On y roula Mlle Malorthy, désormais inerte. Timoléon courut prévenir le brasseur. Le soir même, elle était transportée en automobile à la maison de santé du docteur Duchemin. Elle en sortit un mois plus tard, complètement guérie, après avoir accouché d’un enfant mort.
PREMIÈRE PARTIE
LA TENTATION DU DÉSESPOIR.
– Mon cher chanoine, mon vieil ami, conclut l’abbé Demange, que vous dire encore ? Il m’est difficile de tenir aujourd’hui vos scrupules pour légitimes, et néanmoins ce désaccord me pèse… Je dirais volontiers que votre finesse s’exerce ici sur des riens, si je ne connaissais assez votre prudence et votre fermeté… Mais c’est donner beaucoup d’importance à un jeune prêtre mal léché. L’abbé Menou-Segrais ramena frileusement sur ses genoux la couverture, et tendit de loin ses mains vers l’âtre sans répondre. Puis il dit après un long silence, et non pas sans une malice secrète qui fit un instant briller ses yeux :
– De tous les embarras de l’âge, l’expérience n’est pas le moindre, et je voudrais que la prudence dont vous parlez n’eût jamais grandi aux dépens de la fermeté. Sans doute, il n’y a pas de terme aux raisonnements et aux hypothèses, mais vivre, d’abord, c’est choisir. Avouez-le, mon ami : les vieilles gens craignent moins l’erreur que le risque.

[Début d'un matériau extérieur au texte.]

definition is_rounding :: "'a set \<Rightarrow> ('a \<Rightarrow> real) \<Rightarrow> 'a set \<Rightarrow> bool" where
  "is_rounding W x T \<longleftrightarrow> T \<subseteq> W \<and> (\<forall>v\<in>W. x v = 1 \<longrightarrow> v \<in> T) \<and> (\<forall>v\<in>W. x v = 0 \<longrightarrow> v \<notin> T)"

definition keeps_integral :: "'a set \<Rightarrow> ('a \<Rightarrow> real) \<Rightarrow> ('a \<Rightarrow> real) \<Rightarrow> bool" where
  "keeps_integral W x y \<longleftrightarrow> (\<forall>v\<in>W. x v = 0 \<or> x v = 1 \<longrightarrow> y v = x v)"

lemma keeps_integral_refl: "keeps_integral W x x"
  unfolding keeps_integral_def by simp

lemma keeps_integral_trans: "keeps_integral W x y \<Longrightarrow> keeps_integral W y z \<Longrightarrow> keeps_integral W x z"
  unfolding keeps_integral_def by metis

lemma is_rounding_if_keeps_integral: "keeps_integral W x y \<Longrightarrow> is_rounding W y T \<Longrightarrow> is_rounding W x T"
  unfolding keeps_integral_def is_rounding_def by metis

lemma sum_eq_card_ones_plus_sum_fractional:
  assumes "finite W" and "\<forall>v\<in>W. 0 \<le> x v \<and> x v \<le> 1"
  shows "sum x W = real (card {v\<in>W. x v = 1}) + sum x (fractional W x)"
proof -
  have "sum x W = sum x {v\<in>W. x v = 1} + sum x {v\<in>W. x v \<noteq> 1}"
    using sum.Int_Diff[OF assms(1), of x "{v. x v = 1}"] by (simp add: Int_def set_diff_eq)
  moreover have "sum x {v\<in>W. x v = 1} = real (card {v\<in>W. x v = 1})"
    by (simp add: sum.cong[of _ _ x "\<lambda>_. 1"])
  moreover have "sum x {v\<in>W. x v \<noteq> 1} = sum x (fractional W x)"
    using assms unfolding fractional_def by (intro sum.mono_neutral_cong_right) force+
  ultimately show ?thesis
    by simp
qed

lemma card_fractional_ne_1:
  assumes "finite W" and "fractional_subset W s x"
  shows "card (fractional W x) \<noteq> 1"
proof
  assume "card (fractional W x) = 1"
  then obtain w where w: "fractional W x = {w}"
    by (meson card_1_singletonE)
  then have "0 < x w" "x w < 1"
    unfolding fractional_def by auto
  moreover have "real s = real (card {v\<in>W. x v = 1}) + x w"
    using sum_eq_card_ones_plus_sum_fractional[of W x] assms w
    unfolding fractional_subset_def by simp
  ultimately have "card {v\<in>W. x v = 1} < s" "s < card {v\<in>W. x v = 1} + 1"
    by linarith+
  then show False
    by linarith
qed

lemma exists_rounding:
  assumes "finite W" and "fractional_subset W s x"
  shows "\<exists>T. is_rounding W x T \<and> card T = s"
proof -
  define ones where "ones = {v\<in>W. x v = 1}"
  have sum_x: "real s = real (card ones) + sum x (fractional W x)"
    using sum_eq_card_ones_plus_sum_fractional[of W x] assms
    unfolding fractional_subset_def ones_def by simp
  have "sum x (fractional W x) \<le> real (card (fractional W x))"
    using sum_mono[of "fractional W x" x "\<lambda>_. 1"] unfolding fractional_def by simp
  moreover have "0 \<le> sum x (fractional W x)"
    by (rule sum_nonneg) (simp add: fractional_def)
  ultimately have "card ones \<le> s" and le: "s - card ones \<le> card (fractional W x)"
    using sum_x by linarith+
  moreover obtain G where G: "G \<subseteq> fractional W x" "card G = s - card ones" "finite G"
    by (rule obtain_subset_with_card_n[OF le])
  moreover have "finite ones" "ones \<inter> G = {}"
    using G(1) assms(1) unfolding ones_def fractional_def by auto
  ultimately have "card (ones \<union> G) = s"
    by (simp add: card_Un_disjoint)
  moreover have "is_rounding W x (ones \<union> G)"
    using G(1) unfolding is_rounding_def ones_def fractional_def by auto
  ultimately show ?thesis
    by blast
qed

lemma rounding_error_le_card_fractional:
  fixes nrm :: "'a::real_vector \<Rightarrow> real"
  assumes nrm: "is_norm nrm" and "finite W" and ball: "\<forall>v\<in>W. nrm v \<le> 1"
    and x: "\<forall>v\<in>W. 0 \<le> x v \<and> x v \<le> 1" and T: "is_rounding W x T"
  shows "nrm ((\<Sum>v\<in>T. v) - (\<Sum>v\<in>W. x v *\<^sub>R v)) \<le> real (card (fractional W x))"
proof -
  define e where "e v = (if v \<in> T then 1 else 0) - x v" for v
  have "(\<Sum>v\<in>T. v) = (\<Sum>v\<in>W. (if v \<in> T then 1 else 0) *\<^sub>R v)"
    using T \<open>finite W\<close> unfolding is_rounding_def by (simp add: if_distrib[of "\<lambda>c. c *\<^sub>R _"] sum.If_cases Int_absorb1)
  then have "(\<Sum>v\<in>T. v) - (\<Sum>v\<in>W. x v *\<^sub>R v) = (\<Sum>v\<in>W. e v *\<^sub>R v)"
    unfolding e_def by (simp add: sum_subtractf scaleR_left_diff_distrib)
  also have "\<dots> = (\<Sum>v\<in>fractional W x. e v *\<^sub>R v)"
  proof (rule sum.mono_neutral_right)
    show "\<forall>v\<in>W - fractional W x. e v *\<^sub>R v = 0"
      using x T unfolding e_def fractional_def is_rounding_def by force
  qed (use \<open>finite W\<close> in \<open>auto simp: fractional_def\<close>)
  finally have "nrm ((\<Sum>v\<in>T. v) - (\<Sum>v\<in>W. x v *\<^sub>R v)) \<le> (\<Sum>v\<in>fractional W x. nrm (e v *\<^sub>R v))"
    using is_norm_sum_le[OF nrm] by simp
  also have "\<dots> \<le> (\<Sum>v\<in>fractional W x. 1)"
  proof (rule sum_mono)
    fix v assume "v \<in> fractional W x"
    then have "\<bar>e v\<bar> \<le> 1" "nrm v \<le> 1"
      using ball unfolding e_def fractional_def by auto
    then show "nrm (e v *\<^sub>R v) \<le> 1"
      using is_norm_nonneg[OF nrm, of v] by (simp add: is_norm_scaleR[OF nrm] mult_le_one)
  qed
  finally show ?thesis
    by simp
qed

– Comme je vous retrouve ! dit tendrement l’abbé Demange ; que votre cœur a peu changé ! Il me semble que je vous écoute encore dans notre cour de Saint-Sulpice, lorsque vous discutiez l’histoire des mystiques bénédictins – sainte Gertrude, sainte Meltchilde, sainte Hildegarde… – avec le pauvre P. de Lantivy. Vous souvenez-vous ? « Que me parlez-vous du troisième état mystique ? vous disait-il… De tous ces messieurs, vous êtes, d’abord, le plus friand au réfectoire et le mieux vêtu ! »
– Je me souviens, dit le curé de Campagne… Et tout à coup sa voix si calme eut un imperceptible fléchissement. Tournant la tête avec peine, dans l’épaisseur des coussins, vers la grande pièce déjà pleine d’ombres, et montrant d’un regard les meubles chéris :
– Il fallait s’échapper, dit-il. Il faut toujours s’échapper.
Mais aussitôt sa voix se raffermit et, de ce même ton d’impertinence dont il aimait à se railler lui-même, à déconcerter sa grande âme, il ajouta :
– Rien de meilleur qu’une crise de rhumatisme pour vous donner le sens et le goût de la liberté.
– Revenons à notre protégé, dit soudain l’abbé Demange, avec brusquerie, et sans d’abord oser lever les yeux sur son vieil ami. Je dois vous quitter à cinq heures. Je le reverrais volontiers.
– À quoi bon ? répondit tranquillement l’abbé Menou-Segrais. Nous l’avons bien vu assez pour un jour ! Il a crotté mon pauvre vieux Smyrne, et failli briser les pieds de la chaise qu’il a choisie la plus précieuse et la plus fragile, avec son ordinaire à-propos… Que vous faut-il de plus ? Voulez-vous encore le peser, le toiser comme un conscrit ?… Voyez-le, d’ailleurs, si cela vous plaît. Dieu sait pourtant quel souci me donne, au long d’une semaine, à travers mes bibelots si sottement aimés, ce grand pataud tout en noir !
Mais l’abbé Demange connaît trop le compagnon de sa jeunesse pour s’étonner de son humeur. Jadis, jeune secrétaire particulier de Mgr de Targe, il n’a rien ignoré de certaines épreuves qu’a surmontées, une par une, le clair et lucide génie de l’abbé Menou-Segrais. Un esprit d’indépendance farouche, un bon sens pour ainsi dire irrésistible, mais dont l’exercice ne va pas toujours sans une apparente cruauté, rendue plus sensible aux délicats par le raffinement de la courtoisie, le dédain des solutions abstraites, un goût très vif de la spiritualité la plus haute, mais difficile à satisfaire par la seule spéculation, éveillèrent d’abord la méfiance de l’évêque. L’influence discrète du jeune Demange, et surtout l’irréprochable distinction du futur doyen de Campagne, alors vicaire à la cathédrale, lui valurent trop tard les bonnes grâces de celui qui se laissait appeler volontiers le dernier prélat gentilhomme, et qui mourut l’année suivante, laissant à Mgr Papouin, candidat favori du ministre des cultes, une succession délicate.